(* Let $m,k$ be positive integers and suppose $q^mt_1t_2\cdots t_k=1$. Then $$\sum_{\text{cyclic permutations of }t_1,\ldots,t_k}\ \ \widetilde{\sum_{1\le i_1\le\cdots\le i_k\le m}}\ \frac{t_1^{1/2-i_1}\cdots t_k^{1/2-i_k}}{(q)_{i_1-1}(q^{i_1}t_1)_{i_2-i_1}(q^{i_2}t_1t_2)_{i_3-i_2}\cdots(q^{i_k}t_1\cdots t_k)_{m-i_k}}=(-1)^{m-1}\frac{q^{m^2/2}m^{k-1}}{(k-1)!}.$$
   Context: $(a)_n:=\prod_{j=0}^{n-1}(1-aq^j)$. For a function $f(i_1,\ldots,i_k)$, $\widetilde{\sum}_{1\le i_1\le\cdots\le i_k\le m}f:=\sum_{1\le i_1\le\cdots\le i_k\le m}f(i_1,\ldots,i_k)/\#\mathrm{Stab}(i_1,\ldots,i_k)$, with $\mathrm{Stab}$ the set of permutations of $\{1,\ldots,k\}$ fixing the tuple $(i_1,\ldots,i_k)$. The outer sum is over the $k$ cyclic rotations $(t_1,\ldots,t_k)\mapsto(t_{j+1},\ldots,t_k,t_1,\ldots,t_j)$ applied to the variables of the summand. Square roots are chosen with $t_1^{1/2}\cdots t_k^{1/2}=(q^{1/2})^{-m}$ and $q^{m^2/2}=(q^{1/2})^{m^2}$. *)

theory Defs
  imports Complex_Main "HOL-Library.FuncSet" "HOL-Combinatorics.Permutations"
begin

definition qpoch :: "complex \<Rightarrow> complex \<Rightarrow> nat \<Rightarrow> complex" where
  "qpoch a q n = (\<Prod>j<n. (1 - a * q ^ j))"

text \<open>Nondecreasing tuples (i_1,...,i_k) with 1 <= i_1 <= ... <= i_k <= m,
  stored 0-indexed as functions on {0..<k}.\<close>
definition nondec_tuples :: "nat \<Rightarrow> nat \<Rightarrow> (nat \<Rightarrow> nat) set" where
  "nondec_tuples k m =
     {i \<in> {0..<k} \<rightarrow>\<^sub>E {1..m}. \<forall>j. Suc j < k \<longrightarrow> i j \<le> i (Suc j)}"

definition stab_card :: "nat \<Rightarrow> (nat \<Rightarrow> nat) \<Rightarrow> nat" where
  "stab_card k i = card {p. p permutes {0..<k} \<and> (\<forall>j<k. i (p j) = i j)}"

definition denom :: "complex \<Rightarrow> (nat \<Rightarrow> complex) \<Rightarrow> nat \<Rightarrow> nat \<Rightarrow> (nat \<Rightarrow> nat) \<Rightarrow> complex" where
  "denom q t k m i =
     qpoch q q (i 0 - 1) *
     (\<Prod>j<k. qpoch (q ^ i j * (\<Prod>l\<le>j. t l)) q
                 ((if Suc j < k then i (Suc j) else m) - i j))"

text \<open>Summand: t_1^{1/2-i_1}...t_k^{1/2-i_k} / denominator, where s j is the
  chosen square root t_j^{1/2}, so t_j^{1/2 - i_j} = s_j / t_j^{i_j}.\<close>
definition summand :: "complex \<Rightarrow> (nat \<Rightarrow> complex) \<Rightarrow> (nat \<Rightarrow> complex) \<Rightarrow> nat \<Rightarrow> nat
    \<Rightarrow> (nat \<Rightarrow> nat) \<Rightarrow> complex" where
  "summand q t s k m i = (\<Prod>j<k. s j / t j ^ i j) / denom q t k m i"

text \<open>The weighted sum over nondecreasing tuples (weight 1/#Stab).\<close>
definition tilde_sum :: "complex \<Rightarrow> (nat \<Rightarrow> complex) \<Rightarrow> (nat \<Rightarrow> complex) \<Rightarrow> nat \<Rightarrow> nat \<Rightarrow> complex" where
  "tilde_sum q t s k m =
     (\<Sum>i\<in>nondec_tuples k m. summand q t s k m i / of_nat (stab_card k i))"

definition rot :: "nat \<Rightarrow> nat \<Rightarrow> (nat \<Rightarrow> 'a) \<Rightarrow> nat \<Rightarrow> 'a" where
  "rot k c f = (\<lambda>j. f ((j + c) mod k))"

end

theory Submission
  imports Defs "HOL-Computational_Algebra.Polynomial"
begin

text \<open>
  Fix a rotation c and a tuple i, and write u for the rotated variables. The denominator is
  prod_{l=1..m-1} (1 - y_l) for the nodes y_l = q^l u_1...u_j, where j = #{p. i_p <= l}, and
  y_0 = 1. Using q^m t_1...t_k = 1, the summand becomes (-1)^(m-1) q^(m^2/2) times the
  Lagrange weight prod_{b /= 0} y_b / (y_b - y_0) of the node y_0.

  The map (c, i) |-> (c + n, (1,...,1, i_1 + 1,...,i_n + 1)), where n counts the entries of i
  below m, permutes the pairs, preserves stabilisers, and replaces the nodes by a constant
  multiple of the nodes rotated by one step. Hence the stabiliser-weighted sum over all pairs
  of the Lagrange weight of the node y_a does not depend on a. As the Lagrange weights of all
  nodes add up to 1, m times this sum equals k * sum_i 1/#Stab(i) = k m^k / k!, the last
  step being orbit counting for the permutation action on {1..m}^k.
\<close>

section \<open>Lagrange interpolation\<close>

lemma sum_lagrange_basis:
  fixes w :: "'b \<Rightarrow> 'a::field"
  assumes fin: "finite I" and inj: "inj_on w I" and ne: "I \<noteq> {}"
  shows "(\<Sum>a\<in>I. \<Prod>b\<in>I - {a}. (x - w b) / (w a - w b)) = 1"
proof -
  define L where "L = (\<Sum>a\<in>I. \<Prod>b\<in>I - {a}. smult (inverse (w a - w b)) [:- w b, 1:])"
  have poly_L: "poly L y = (\<Sum>a\<in>I. \<Prod>b\<in>I - {a}. (y - w b) / (w a - w b))" for y
    by (simp add: L_def poly_sum poly_prod divide_inverse left_diff_distrib mult.commute)
  have "degree L \<le> card I - 1"
    unfolding L_def
  proof (rule degree_sum_le[OF fin])
    fix a assume "a \<in> I"
    have "degree (\<Prod>b\<in>I - {a}. smult (inverse (w a - w b)) [:- w b, 1:]) \<le> (\<Sum>b\<in>I - {a}. 1)"
      using fin by (intro order.trans[OF degree_prod_sum_le] sum_mono)
        (auto intro: order.trans[OF degree_smult_le])
    then show "degree (\<Prod>b\<in>I - {a}. smult (inverse (w a - w b)) [:- w b, 1:]) \<le> card I - 1"
      using \<open>a \<in> I\<close> fin by simp
  qed
  moreover have "poly L (w c) = 1" if c: "c \<in> I" for c
  proof -
    have "(\<Prod>b\<in>I - {a}. (w c - w b) / (w a - w b)) = (if a = c then 1 else 0)" if "a \<in> I" for a
    proof (cases "a = c")
      case True
      have "w c \<noteq> w b" if "b \<in> I - {c}" for b
        using inj c that by (auto dest: inj_onD)
      then show ?thesis using True by (simp add: prod.neutral)
    next
      case False
      then show ?thesis using fin c by (intro trans[OF prod_zero]) auto
    qed
    then show ?thesis unfolding poly_L using fin c by (simp cong: sum.cong)
  qed
  moreover have "card I > 0"
    using fin ne by (simp add: card_gt_0_iff)
  ultimately have "L = 1"
    using card_image[OF inj] by (intro poly_eqI_degree[of "w ` I"]) auto
  then show ?thesis using poly_L[of x] by simp
qed

definition lagrange_weight :: "('b \<Rightarrow> 'a::field) \<Rightarrow> 'b set \<Rightarrow> 'b \<Rightarrow> 'a" where
  "lagrange_weight w I a = (\<Prod>b\<in>I - {a}. w b / (w b - w a))"

lemma sum_lagrange_weight:
  assumes "finite I" "inj_on w I" "I \<noteq> {}"
  shows "(\<Sum>a\<in>I. lagrange_weight w I a) = 1"
proof -
  have "w b / (w b - w a) = (0 - w b) / (w a - w b)" for a b
    by (simp add: minus_divide_right)
  then show ?thesis
    unfolding lagrange_weight_def using sum_lagrange_basis[OF assms, of 0] by simp
qed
****
* EXERCISE PROMPT *
The answer should consist of every line above in which "step" appears.

* COMPLETED TASK *
  multiple of the nodes rotated by one step. Hence the stabiliser-weighted sum over all pairs
  step being orbit counting for the permutation action on {1..m}^k.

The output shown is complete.